**What the task requires:** Copy every line of the entries that includes the word "shows".

"""

lemma nonsplit_parts_nonzero:
  assumes "nonsplit w E" "e \<in> E" "partition_on (E - {e}) P" "independent_parts w P" "finite P"
    "\<forall>C\<in>P. p C \<in> tv.span (w ` C)" "w e = (\<Sum>C\<in>P. p C)" "C \<in> P"
  shows "p C \<noteq> 0"
proof
  assume "p C = 0"
  define R where "R = \<Union>(P - {C})"
  have R: "R = E - {e} - C"
    using partition_onD1[OF partition_on_Diff_part[OF assms(3,8)]] unfolding R_def by simp
  have "w e = (\<Sum>C'\<in>P - {C}. p C')"
    using assms(7) sum.remove[OF assms(5,8), of p] \<open>p C = 0\<close> by simp
  also have "\<dots> \<in> tv.span (w ` R)"
    using assms(6) tv.span_mono[of "w ` _" "w ` R"] unfolding R_def by (intro tv.span_sum) blast
  finally have "w ` (E - C) \<subseteq> tv.span (w ` R)"
    using tv.span_superset[of "w ` R"] assms(2) unfolding R by blast
  then have "tv.span (w ` (E - C)) \<subseteq> tv.span (w ` R)" by (rule span_subset_spanI)
  then have "tv.span (w ` C) \<inter> tv.span (w ` (E - C)) \<subseteq> {0}"
    using independent_parts_span_inter[OF assms(4,5,8)] unfolding R_def by blast
  moreover have "C \<subseteq> E" "C \<noteq> {}" "e \<notin> C"
    using partition_onD1[OF assms(3)] partition_onD3[OF assms(3)] assms(8) by auto
  moreover have "C \<noteq> E" using \<open>e \<notin> C\<close> assms(2) by blast
  ultimately show False using assms(1) unfolding nonsplit_def by blast
qed

lemma nonsplit_right_factors:
  fixes g s :: "'e \<Rightarrow> ('b, 'a::field) tensor"
  assumes "X \<inter> Y = {}" "\<forall>e\<in>E. supported_on Y (s e)" "nonsplit (\<lambda>e. outer X Y (g e) (s e)) E"
  shows "nonsplit s E"
  unfolding nonsplit_def
proof (intro allI impI notI)
  fix E1 assume E1: "E1 \<subseteq> E \<and> E1 \<noteq> {} \<and> E1 \<noteq> E"
    and split: "tv.span (s ` E1) \<inter> tv.span (s ` (E - E1)) \<subseteq> {0}"
  define w where "w = (\<lambda>e. outer X Y (g e) (s e))"
  have supp: "\<forall>e\<in>E1. supported_on Y (s e)" "\<forall>e\<in>E - E1. supported_on Y (s e)"
    using assms(2) E1 by auto
  have "x = 0" if x: "x \<in> tv.span (w ` E1)" "x \<in> tv.span (w ` (E - E1))" for x
  proof (rule eq_0_if_slices_eq_0)
    have "supported_on (X \<union> Y) x"
      by (rule supported_on_span[OF _ x(1)]) (auto simp: w_def supported_on_outer)
    then show "supported_on (Y \<union> X) x" by (simp add: Un_commute)
    fix \<iota> :: "nat \<Rightarrow> 'b" assume \<iota>: "\<iota> \<in> extensional X"
    have "slice Y x \<iota> \<in> tv.span (s ` E1)"
      using slice_in_span_right[OF assms(1) supp(1) x(1)[unfolded w_def] \<iota>] .
    moreover have "slice Y x \<iota> \<in> tv.span (s ` (E - E1))"
      using slice_in_span_right[OF assms(1) supp(2) x(2)[unfolded w_def] \<iota>] .
    ultimately show "slice Y x \<iota> = 0" using split by blast
  qed
  then have "tv.span (w ` E1) \<inter> tv.span (w ` (E - E1)) \<subseteq> {0}" by blast
  moreover have "nonsplit w E" using assms(3) unfolding w_def .
  ultimately show False using E1 unfolding nonsplit_def by blast
qed

section \<open>Vanishing sums of tensors\<close>

lemma outer_expansion:
  fixes x :: "('b, 'a::field) tensor"
  assumes "supported_on (X \<union> Y) x" "finite \<beta>" "tv.independent \<beta>"
    "\<forall>\<kappa>\<in>extensional Y. slice X x \<kappa> \<in> tv.span \<beta>"
  obtains r where "\<forall>g. supported_on Y (r g)" "x = (\<Sum>g\<in>\<beta>. outer X Y g (r g))"
proof
  define r where
    "r g \<kappa> = (if \<kappa> \<in> extensional Y then tv.representation \<beta> (slice X x \<kappa>) g else 0)" for g \<kappa>
  show "\<forall>g. supported_on Y (r g)" by (simp add: supported_on_def r_def)
  show "x = (\<Sum>g\<in>\<beta>. outer X Y g (r g))"
  proof
    fix \<iota>
    show "x \<iota> = (\<Sum>g\<in>\<beta>. outer X Y g (r g)) \<iota>"
    proof (cases "\<iota> \<in> extensional (X \<union> Y)")
      case True
      define \<kappa> where "\<kappa> = restrict \<iota> Y"
      define c where "c = tv.representation \<beta> (slice X x \<kappa>)"
      have "\<kappa> \<in> extensional Y" unfolding \<kappa>_def by simp
      then have "slice X x \<kappa> = (\<Sum>g\<in>\<beta>. tscale (c g) g)"
        unfolding c_def using tv.sum_representation_eq[OF assms(3) _ assms(2) order_refl] assms(4)
        by simp
      moreover have "x \<iota> = slice X x \<kappa> (restrict \<iota> X)"
        using True by (simp add: slice_def \<kappa>_def merge_index_restrict)
      ultimately have "x \<iota> = (\<Sum>g\<in>\<beta>. c g * g (restrict \<iota> X))"
        by (simp add: sum_apply tscale_apply)
      moreover have "(\<Sum>g\<in>\<beta>. outer X Y g (r g)) \<iota> = (\<Sum>g\<in>\<beta>. g (restrict \<iota> X) * c g)"
        using True by (simp add: sum_apply outer_def r_def c_def \<kappa>_def)
      ultimately show ?thesis by (simp add: mult.commute)
    next
      case False
      then show ?thesis using assms(1) by (simp add: supported_on_def sum_apply outer_def)
    qed
  qed
qed

lemma outer_relation_coeffs_zero:
  fixes g r :: "'i \<Rightarrow> ('b, 'a::field) tensor"
  assumes "X \<inter> Y = {}" "finite L" "\<forall>l\<in>L. supported_on X (g l) \<and> supported_on Y (r l)"
    "(\<Sum>l\<in>L. outer X Y (g l) (r l)) = 0" "\<forall>l\<in>L. g l \<notin> tv.span (g ` (L - {l}))"
  shows "\<forall>l\<in>L. r l = 0"
proof (intro ballI ext)
  fix l \<kappa> assume l: "l \<in> L"
  show "r l \<kappa> = 0 \<kappa>"
  proof (cases "\<kappa> \<in> extensional Y")
    case True
    have "(\<Sum>l\<in>L. tscale (r l \<kappa>) (g l)) = slice X (\<Sum>l\<in>L. outer X Y (g l) (r l)) \<kappa>"
      unfolding slice_sum
      by (intro sum.cong refl) (use assms(3) in \<open>auto simp: slice_outer[OF assms(1) _ True]\<close>)
    also have "\<dots> = 0" using assms(4) by simp
    finally show ?thesis
      using in_span_others_if_relation[OF assms(2) _ l] assms(5) l by fastforce
  next
    case False
    then show ?thesis using assms(3) l by (simp add: supported_on_def)
  qed
qed
(* Let $\mathcal B$ be a set of bidders with valuations $\{v_b\}$ on $\Omega$ and let $r\ge 0$ be reserve prices. Let $\mathcal B'=\mathcal B\cup\{a\}$ where $a$ is an additional bidder with additive valuation $v_a(S)=r(S)$, and for an allocation $\langle\Omega_b\rangle_{b\in\mathcal B}$ let $\langle\Omega'_{b'}\rangle_{b'\in\mathcal B'}$ be given by $\Omega'_b=\Omega_b$ for $b\in\mathcal B$ and $\Omega'_a=\Omega\setminus\bigcup_{b\in\mathcal B}\Omega_b$. (a1) The allocation $\langle\Omega_b\rangle$ with prices $p$ is a Walrasian equilibrium with reserve prices $r$ for $\mathcal B$ if and only if $\langle\Omega'_{b'}\rangle$ with prices $p'$ is a Walrasian equilibrium for $\mathcal B'$, where $p_j=p'_j$ for $j\in\bigcup_{b\in\mathcal B}\Omega_b$ and $p_{j'}=r_{j'}$ for $j'\in\Omega\setminus\bigcup_{b\in\mathcal B}\Omega_b$. (a2) $\langle\Omega_b\rangle$ is a Walrasian-equilibrium-with-reserve-prices-$r$ allocation if and only if (the 0/1 vector $x_{b,S}=1$ iff $S=\Omega_b$) is an optimal integral solution to the linear program $\mathrm{LP}_r$. (b) If all $v_b$ are gross substitute, then (b1) a Walrasian equilibrium with reserve prices $r$ exists for $\{v_b\}$, and (b2) the set of price vectors of Walrasian equilibria with reserve prices $r$ forms a complete lattice (closed under item-wise $\min$ and $\max$).
   Context: $\Omega$ is a finite set of items; price vectors $p\in\mathbb{R}^\Omega_{\ge0}$, $p(S)=\sum_{j\in S}p_j$, comparisons item-wise. Each bidder has a monotone valuation $v_b:2^\Omega\to\mathbb{R}$, $v_b(\emptyset)=0$; $D_b(p)$ is the set of $S$ maximizing $v_b(S)-p(S)$. An allocation is a family of pairwise disjoint subsets $\langle\Omega_b\rangle$ of $\Omega$ (items may be unallocated); it is envy free at $p$ if $\Omega_b\in D_b(p)$ for all $b$. A Walrasian equilibrium is an envy-free allocation with prices $p\ge0$ where unallocated items have price $0$. A Walrasian equilibrium with reserve prices $r$ is an envy-free allocation with prices $p\ge r$ where every unallocated item $j$ has $p_j=r_j$. A valuation is gross substitute if for all $p^{(2)}\ge p^{(1)}\ge0$ and every $D^{(1)}\in D(p^{(1)})$ there is $D^{(2)}\in D(p^{(2)})$ containing every $j\in D^{(1)}$ with $p^{(1)}_j=p^{(2)}_j$. $\mathrm{LP}_r$: maximize $\sum_{b\in\mathcal B,S\subseteq\Omega}x_{b,S}v_b(S)+\sum_{j\in\Omega}\big(1-\sum_{b,S\ni j}x_{b,S}\big)r_j$ subject to $\sum_{b,S\ni j}x_{b,S}\le1$ for all $j\in\Omega$, $\sum_{S}x_{b,S}\le 1$ for all $b\in\mathcal B$, $x_{b,S}\ge0$. *)

theory Defs
  imports Complex_Main
begin
lemma critical_case:
  assumes "real \<delta> = y_intercept (real A, real B) (real \<gamma>, real d)" and "n \<ge> 1"
  shows "let \<gamma>n = real \<gamma> * (\<Sum>k<n. real \<delta> ^ (n - 1 - k) * real d ^ k);
            Vn = (\<gamma>n, real d ^ n);
            Pn = ((\<Sum>k<n. real \<delta> ^ (n - 1 - k) * real B ^ k) * real A, real B ^ n)
        in preceding_vertex (fibre_coeffs a b n) Pn Vn
           \<and> slope Pn Vn = - 1 / ((real \<gamma> - real A) / (real B - real d))
           \<and> real \<delta> ^ n = y_intercept Pn Vn"
proof -
  obtain m where n: "n = Suc m" using assms(2) by (cases n) auto
  have "real \<beta> * real \<delta> = real K" using assms(1) \<beta>_pos by (simp add: real_edge_line field_simps)
  then have "\<beta> * \<delta> = K" by (metis of_nat_eq_iff of_nat_mult)
  define G H L where "G = \<gamma> * hom_sum \<delta> d m" and "H = A * hom_sum \<delta> B m" and "L = \<beta> * \<delta> ^ n"
  have S: "edge_supported \<alpha> \<beta> (fibre_coeffs a b n) L H G"
    and nz: "fibre_coeffs a b n H (B ^ n) \<noteq> 0" "fibre_coeffs a b n G (d ^ n) \<noteq> 0"
    and lines: "\<alpha> * H + \<beta> * B ^ n = L" "\<alpha> * G + \<beta> * d ^ n = L"
    using fibre_edge_critical[OF \<open>\<beta> * \<delta> = K\<close>, of m] unfolding G_def H_def L_def n by auto
  have "H < G"
  proof -
    have "d ^ n < B ^ n" using power_strict_mono[of d B n] d_less_B n by simp
    then have "\<beta> * d ^ n < \<beta> * B ^ n" using \<beta>_pos by simp
    then have "\<alpha> * H < \<alpha> * G" using lines by linarith
    then show ?thesis using \<alpha>_pos by simp
  qed
  have "real \<alpha> * real H + real \<beta> * real (B ^ n) = real L" "real \<alpha> * real G + real \<beta> * real (d ^ n) = real L"
    using lines by (metis of_nat_add of_nat_mult)+
  note line = slope_y_intercept_of_line[OF _ _ this]
  have V: "real \<gamma> * (\<Sum>k<n. real \<delta> ^ (n - 1 - k) * real d ^ k) = real G"
    and P: "(\<Sum>k<n. real \<delta> ^ (n - 1 - k) * real B ^ k) * real A = real H"
    unfolding G_def H_def n by (simp_all add: real_hom_sum)
  have "real \<delta> ^ n = real L / real \<beta>" unfolding L_def using \<beta>_pos by simp
  then show ?thesis
    unfolding Let_def P V slope_of_edge
    using preceding_vertex_of_edge[OF \<alpha>_pos \<beta>_pos \<open>H < G\<close> lines nz S] line \<beta>_pos \<open>H < G\<close>
    by simp
qed

end

theorem proposition3:
  fixes p :: "complex \<Rightarrow> complex" and q :: "complex \<Rightarrow> complex \<Rightarrow> complex"
    and a :: "nat \<Rightarrow> complex" and b :: "nat \<Rightarrow> nat \<Rightarrow> complex"
    and \<delta> A B \<gamma> d :: nat
  assumes p_exp: "has_expansion1 a p"
    and q_exp: "has_expansion2 b q"
    and delta_pos: "\<delta> \<ge> 1"
    and a_delta: "a \<delta> \<noteq> 0" and a_low: "\<forall>k<\<delta>. a k = 0"
    and b00: "b 0 0 = 0"
    and q_nonzero: "\<exists>i j. b i j \<noteq> 0"
    and last_vertex: "(real \<gamma>, real d) \<in> np_vertices b"
    and last_max: "\<forall>X \<in> np_vertices b. fst X \<le> real \<gamma>"
    and prev_vertex: "preceding_vertex b (real A, real B) (real \<gamma>, real d)"
    and case2: "real \<delta> \<le> y_intercept (real A, real B) (real \<gamma>, real d)"
    and d_pos: "d > 0"
  shows
   "(real \<delta> < y_intercept (real A, real B) (real \<gamma>, real d) \<longrightarrow>
      (\<forall>n\<ge>1.
        let \<gamma>n = real \<gamma> * (\<Sum>k<n. real \<delta> ^ (n - 1 - k) * real d ^ k);
            Vn = (\<gamma>n, real d ^ n);
            Pn = (\<gamma>n - (real \<gamma> - real A) * real d ^ (n - 1), real B * real d ^ (n - 1));
            cn = germ_coeffs (skewQ p q n)
        in preceding_vertex cn Pn Vn
           \<and> slope Pn Vn = - 1 / ((real \<gamma> - real A) / (real B - real d))
           \<and> real \<delta> ^ n < y_intercept Pn Vn))
  \<and> (real \<delta> = y_intercept (real A, real B) (real \<gamma>, real d) \<longrightarrow>
      (\<forall>n\<ge>1.
        let \<gamma>n = real \<gamma> * (\<Sum>k<n. real \<delta> ^ (n - 1 - k) * real d ^ k);
            Vn = (\<gamma>n, real d ^ n);
            Pn = ((\<Sum>k<n. real \<delta> ^ (n - 1 - k) * real B ^ k) * real A, real B ^ n);
            cn = germ_coeffs (skewQ p q n)
        in preceding_vertex cn Pn Vn
           \<and> slope Pn Vn = - 1 / ((real \<gamma> - real A) / (real B - real d))
           \<and> real \<delta> ^ n = y_intercept Pn Vn))"
proof -
  \<comment> \<open>\<open>q_nonzero\<close>, \<open>last_vertex\<close> and \<open>case2\<close> follow from the other hypotheses.\<close>
  interpret skew_edge b A B \<gamma> d a \<delta>
    by unfold_locales (use last_max prev_vertex delta_pos a_delta a_low d_pos in auto)
  have "a 0 = 0" using a_low delta_pos by auto
  then have "germ_coeffs (skewQ p q n) = fibre_coeffs a b n" for n
    using germ_coeffs_eq has_expansion2_fibre_coeffs[OF p_exp _ q_exp b00] by blast
  then show ?thesis using strict_case critical_case by (simp add: Let_def)
qed

end
(* Let $X$ be a real Banach space and $C$ a weakly compact subset of $X$. Then the triplet $(X,C,\mathcal{CB}(X))$ has weak-$\mathscr{F}_{cmc}$-SACP, where $\mathcal{CB}(X)$ is the family of all nonempty closed bounded subsets of $X$ and $\mathscr{F}_{cmc}$ is the class of all convex, monotone, coercive functions $f:\ell_\infty^+(F)\to[0,\infty)$, $F\in\mathcal{CB}(X)$.
   Context: For a nonempty closed bounded set $F\subseteq X$, $\ell_\infty^+(F)$ is the set of bounded functions $\varphi:F\to[0,\infty)$ with the coordinatewise order and sup norm. $f$ is monotone if $\varphi_1\le\varphi_2$ implies $f(\varphi_1)\le f(\varphi_2)$, coercive if $f(\varphi)\to\infty$ as $\|\varphi\|_\infty\to\infty$. $r_f(x,F)=f((\|x-a\|)_{a\in F})$, $\mathrm{rad}_V^f(F)=\inf_{v\in V}r_f(v,F)$. $(X,V,\mathfrak{F})$ has weak-$\mathscr{F}$-SACP if for every $F\in\mathfrak{F}$, every $f\in\mathscr{F}$ on $\ell_\infty^+(F)$ and every sequence $(v_n)\subseteq V$ with $r_f(v_n,F)\to\mathrm{rad}_V^f(F)$, $(v_n)$ has a weakly convergent subsequence. *)

theory Defs
  imports "HOL-Analysis.Analysis"
begin

definition weak_topology :: "'a::real_normed_vector topology" where
  "weak_topology = topology_generated_by
     {{x. l x \<in> U} | (l :: 'a \<Rightarrow> real) U. bounded_linear l \<and> open U}"

definition weakly_compact :: "'a::real_normed_vector set \<Rightarrow> bool" where
  "weakly_compact C \<longleftrightarrow> compactin weak_topology C"

definition weakly_tendsto :: "(nat \<Rightarrow> 'a::real_normed_vector) \<Rightarrow> 'a \<Rightarrow> bool" where
  "weakly_tendsto v x \<longleftrightarrow>
     (\<forall>l :: 'a \<Rightarrow> real. bounded_linear l \<longrightarrow> (\<lambda>n. l (v n)) \<longlonglongrightarrow> l x)"

definition CB :: "'a::real_normed_vector set set" where
  "CB = {F. F \<noteq> {} \<and> closed F \<and> bounded F}"

text \<open>ell_infty^+(F), elements represented as functions vanishing outside F.\<close>
definition linf_plus :: "'a set \<Rightarrow> ('a \<Rightarrow> real) set" where
  "linf_plus F = {\<phi>. (\<forall>a\<in>F. 0 \<le> \<phi> a) \<and> bdd_above (\<phi> ` F) \<and> (\<forall>a. a \<notin> F \<longrightarrow> \<phi> a = 0)}"

definition sup_norm :: "'a set \<Rightarrow> ('a \<Rightarrow> real) \<Rightarrow> real" where
  "sup_norm F \<phi> = (SUP a\<in>F. \<bar>\<phi> a\<bar>)"

definition F_cmc :: "'a set \<Rightarrow> (('a \<Rightarrow> real) \<Rightarrow> real) set" where
  "F_cmc F = {f.
     (\<forall>\<phi>\<in>linf_plus F. 0 \<le> f \<phi>) \<and>
     (\<forall>\<phi>1\<in>linf_plus F. \<forall>\<phi>2\<in>linf_plus F. \<forall>t::real. 0 \<le> t \<and> t \<le> 1 \<longrightarrow>
        f (\<lambda>a. t * \<phi>1 a + (1 - t) * \<phi>2 a) \<le> t * f \<phi>1 + (1 - t) * f \<phi>2) \<and>
     (\<forall>\<phi>1\<in>linf_plus F. \<forall>\<phi>2\<in>linf_plus F. (\<forall>a\<in>F. \<phi>1 a \<le> \<phi>2 a) \<longrightarrow> f \<phi>1 \<le> f \<phi>2) \<and>
     (\<forall>M. \<exists>R. \<forall>\<phi>\<in>linf_plus F. sup_norm F \<phi> \<ge> R \<longrightarrow> f \<phi> \<ge> M)}"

"""

**Solution to this exercise:**
  shows "p C \<noteq> 0"
  shows "nonsplit s E"
  shows "\<forall>l\<in>L. r l = 0"
  shows "let \<gamma>n = real \<gamma> * (\<Sum>k<n. real \<delta> ^ (n - 1 - k) * real d ^ k);
  shows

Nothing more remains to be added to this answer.